Animal species to which each specific vaccine is targeted.

For each vaccine, values refer to the number of samples that tested positive for RD-114 compared to the total number of vials tested.

Data relative to the LacZ marker rescue assay using one vial of the various vaccines in each assay.

Results of the RD-114 env PCR on TE671 cells exposed to the indicated vaccines.

Data relative to the Western blotting analysis of supernatants of TE671 cells exposed to the indicated vaccines (two vials for each assay).

Vaccines were tested for the presence of reverse transcriptase activity using C-type RT activity kit (Cavidi) as described by the manufacturer.

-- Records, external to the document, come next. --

lemma det_bordered_A4:
  "det (bordered A4 (vec_of_list [x, y, z, w])) = 16 - 6 * tau\<^sup>2 - adj_form4 tau x y z w"
  unfolding A4_def
  by (subst bordered_mat_of_rows_list)
    (simp_all add: det_mat_of_rows_list lessThan_Suc numeral_eq_Suc adj_form4_def algebra_simps
      power2_eq_square del: vec_of_list_Cons cong: sum_index_cong)

lemma adj_form4_nonpos_bound:
  assumes "0 \<le> t" "t\<^sup>2 \<le> 3" "x \<le> 0" "y \<le> 0" "z \<le> 0" "w \<le> 0" "adj_form4 t x y z w = c"
  shows "(6 - 2 * t\<^sup>2) * x\<^sup>2 \<le> c" "(8 - 2 * t\<^sup>2) * y\<^sup>2 \<le> c" "6 * z\<^sup>2 \<le> c" "4 * w\<^sup>2 \<le> c"
proof -
  have "0 \<le> (8 - 2 * t\<^sup>2) * (x * y)" "0 \<le> x * z" "0 \<le> t * (x * w)" "0 \<le> y * z" "0 \<le> t * (y * w)"
      "0 \<le> t * (z * w)"
    using assms by (simp_all add: mult_nonpos_nonpos)
  then have "0 \<le> (8 - 2 * t\<^sup>2) * x * y" "0 \<le> 4 * x * z" "0 \<le> 2 * t * x * w" "0 \<le> 8 * y * z"
      "0 \<le> 4 * t * y * w" "0 \<le> 6 * t * z * w"
    by (simp_all add: mult.assoc)
  moreover have "0 \<le> (6 - 2 * t\<^sup>2) * x\<^sup>2" "0 \<le> (8 - 2 * t\<^sup>2) * y\<^sup>2"
    using assms(2) by simp_all
  ultimately show "(6 - 2 * t\<^sup>2) * x\<^sup>2 \<le> c" "(8 - 2 * t\<^sup>2) * y\<^sup>2 \<le> c" "6 * z\<^sup>2 \<le> c" "4 * w\<^sup>2 \<le> c"
    using assms(7) zero_le_power2[of z] zero_le_power2[of w] unfolding adj_form4_def by linarith+
qed

lemma adj_form4_coord_bound:
  assumes "3 * t\<^sup>2 < 8" "adj_form4 t x y z w = 16 - 6 * t\<^sup>2"
  shows "x\<^sup>2 \<le> 4" "y\<^sup>2 \<le> 4" "z\<^sup>2 \<le> 4" "w\<^sup>2 \<le> 4"
proof -
  let ?d = "8 - 3 * t\<^sup>2"
  let ?u = "6 * z + 2 * x + 4 * y + 3 * t * w" and ?v = "4 * w + t * x + 2 * t * y + 3 * t * z"
  have "6 * adj_form4 t x y z w = ?u\<^sup>2 + ?d * (x + 2 * y)\<^sup>2 + 3 * (?d * w\<^sup>2) + 3 * (?d * x\<^sup>2)"
       "6 * adj_form4 t x y z w = ?u\<^sup>2 + ?d * (2 * x + y)\<^sup>2 + 3 * (?d * w\<^sup>2) + 3 * (?d * y\<^sup>2)"
       "12 * adj_form4 t x y z w
          = 3 * ?v\<^sup>2 + ?d * (3 * x + 2 * y + z)\<^sup>2 + 2 * (?d * (2 * y + z)\<^sup>2) + 6 * (?d * z\<^sup>2)"
    unfolding adj_form4_def by (simp_all add: power2_eq_square algebra_simps)
  moreover have "0 \<le> ?d * x\<^sup>2" "0 \<le> ?d * y\<^sup>2" "0 \<le> ?d * z\<^sup>2" "0 \<le> ?d * w\<^sup>2"
      "0 \<le> ?d * (x + 2 * y)\<^sup>2" "0 \<le> ?d * (2 * x + y)\<^sup>2" "0 \<le> ?d * (3 * x + 2 * y + z)\<^sup>2"
      "0 \<le> ?d * (2 * y + z)\<^sup>2"
    using assms(1) by simp_all
  ultimately have "?d * x\<^sup>2 \<le> ?d * 4" "?d * y\<^sup>2 \<le> ?d * 4" "?d * z\<^sup>2 \<le> ?d * 4" "?d * w\<^sup>2 \<le> ?d * 4"
    using assms(2) zero_le_power2[of ?u] zero_le_power2[of ?v] left_diff_distrib[of 8 "3 * t\<^sup>2" 4]
    by linarith+
  moreover have "0 < ?d"
    using assms(1) by simp
  ultimately show "x\<^sup>2 \<le> 4" "y\<^sup>2 \<le> 4" "z\<^sup>2 \<le> 4" "w\<^sup>2 \<le> 4"
    by (simp_all only: mult_le_cancel_left_pos)
qed

lemma bordered_A4_singular_iff:
  assumes "x \<in> Ztau_neg" "y \<in> Ztau_neg" "z \<in> Ztau_neg" "w \<in> Ztau_neg"
  shows "det (bordered A4 (vec_of_list [x, y, z, w])) = 0
     \<longleftrightarrow> x = tau' \<and> y = 0 \<and> z = 0 \<and> w = 0"
proof
  have Z: "x \<in> Ztau" "y \<in> Ztau" "z \<in> Ztau" "w \<in> Ztau"
    and "x \<le> 0" "y \<le> 0" "z \<le> 0" "w \<le> 0"
    using assms unfolding Ztau_neg_def by auto
  assume "det (bordered A4 (vec_of_list [x, y, z, w])) = 0"
  then have eq: "adj_form4 tau x y z w = 16 - 6 * tau\<^sup>2"
    unfolding det_bordered_A4 by simp
  have "tau_conj (adj_form4 tau x y z w) = tau_conj (16 - 6 * tau\<^sup>2)"
    by (simp only: eq)
  then have "adj_form4 tau' (tau_conj x) (tau_conj y) (tau_conj z) (tau_conj w) = 16 - 6 * tau'\<^sup>2"
    using Z by (simp add: adj_form4_def)
  moreover have "3 * tau'\<^sup>2 < 8"
    using tau'_squared_less_1 by simp
  ultimately have conj_bounds: "(tau_conj x)\<^sup>2 \<le> 4" "(tau_conj y)\<^sup>2 \<le> 4" "(tau_conj z)\<^sup>2 \<le> 4"
      "(tau_conj w)\<^sup>2 \<le> 4"
    using adj_form4_coord_bound by blast+
  have "0 \<le> tau" "tau\<^sup>2 \<le> 3"
    using tau_bounds tau_squared_less_3 by simp_all
  note bounds = adj_form4_nonpos_bound[OF this \<open>x \<le> 0\<close> \<open>y \<le> 0\<close> \<open>z \<le> 0\<close> \<open>w \<le> 0\<close> eq]
  have "x\<^sup>2 \<le> 2"
    by (rule le_of_scaled_le[OF _ bounds(1)])
      (use tau_squared tau_bounds in \<open>simp_all add: algebra_simps\<close>)
  moreover have "y\<^sup>2 \<le> 1/4"
    by (rule le_of_scaled_le[OF _ bounds(2)])
      (use tau_squared tau_bounds in \<open>simp_all add: algebra_simps\<close>)
  moreover have "z\<^sup>2 \<le> 1/4" "w\<^sup>2 \<le> 1/4"
    using bounds(3,4) tau_squared tau_bounds by linarith+
  ultimately have "x = 0 \<or> x = -1 \<or> x = tau'" and "y = 0" "z = 0" "w = 0"
    using Ztau_neg_small_cases Ztau_neg_small_eq_0 assms conj_bounds by blast+
  then show "x = tau' \<and> y = 0 \<and> z = 0 \<and> w = 0"
    using eq tau_bounds
    by (elim disjE) (simp_all add: adj_form4_def, simp_all add: tau_normalize algebra_simps)
next
  assume "x = tau' \<and> y = 0 \<and> z = 0 \<and> w = 0"
  then show "det (bordered A4 (vec_of_list [x, y, z, w])) = 0"
    unfolding det_bordered_A4 by (simp add: adj_form4_def, simp add: tau_normalize algebra_simps)
qed

theorem mainTheorem1:
  shows "affine_solutions A2 2 = {vec_of_list [tau', tau']}
       \<and> affine_solutions A3 3 = {vec_of_list [0, tau', 0]}
       \<and> affine_solutions A4 4 = {vec_of_list [tau', 0, 0, 0]}"
  using Ztau_neg_0 Ztau_neg_tau'
  by (intro conjI affine_solutions_singleton)
    (auto simp: length_Suc_conv numeral_eq_Suc bordered_A2_singular_iff bordered_A3_singular_iff
      bordered_A4_singular_iff simp del: vec_of_list_Cons)

end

Initially, 15 samples of 11 vaccines acquired from Japan (from 7 different manufacturers) were tested for the presence of RD-114 using a LacZ marker rescue assay as previously described (19) (Fig. 1A to F). Briefly, vaccines (one vial per each vaccine) were passaged for 4 weeks (dog vaccines) or 2 weeks (cat vaccines) into TE671(LacZ) cells, which are derived from the human rhabdomyosarcoma cell line TE671 transduced with a gammaretroviral vector expressing the lacZ gene. Supernatants from the vaccine-inoculated TE671(LacZ) cells were collected and used to infect naïve TE671 cells. The LacZ marker rescue assay showed the presence of a replication-competent gammaretrovirus in 6 of the 15 samples tested (Fig. 1A and C). On the other hand, the same vaccine preparations were not able to infect TE671-RD, a cell line chronically infected with RD-114 (Fig. 1B and D). TE671-RD cells were infectible by a retroviral vector pseudotyped with the feline leukemia virus subgroup B (FeLV-B) Env, demonstrating that these cells can be infected by a retrovirus that uses a different receptor from RD-114 (Fig. 1E and F). We estimated the infectious titers of RD-114 in some of the vaccines tested above by an endpoint dilution assay. Briefly, TE671(LacZ) cells were exposed with serial dilutions of vaccines J-Aa2, J-Cd1, J-Co2, and J-De1. Viral titers were calculated using the formula of Reed and Munch (16). Titers were as low as 1.8 50% tissue culture infective doses (TCID₅₀)/vial in vaccines J-Aa2 and J-De1. Higher titers were reached in vaccines J-Co2 (1,000 TCID₅₀) and J-Cd1 (1,800 TCID₅₀). Note that the titers indicated above are an estimate that may contain a certain degree of variability because most of the dog vaccines tested contains viruses that are cytopathic in TE671 cells. Thus, fresh TE671(LacZ) cells were continuously added to the cultures exposed to the pet vaccines in order to allow sufficient time for RD-114 replication.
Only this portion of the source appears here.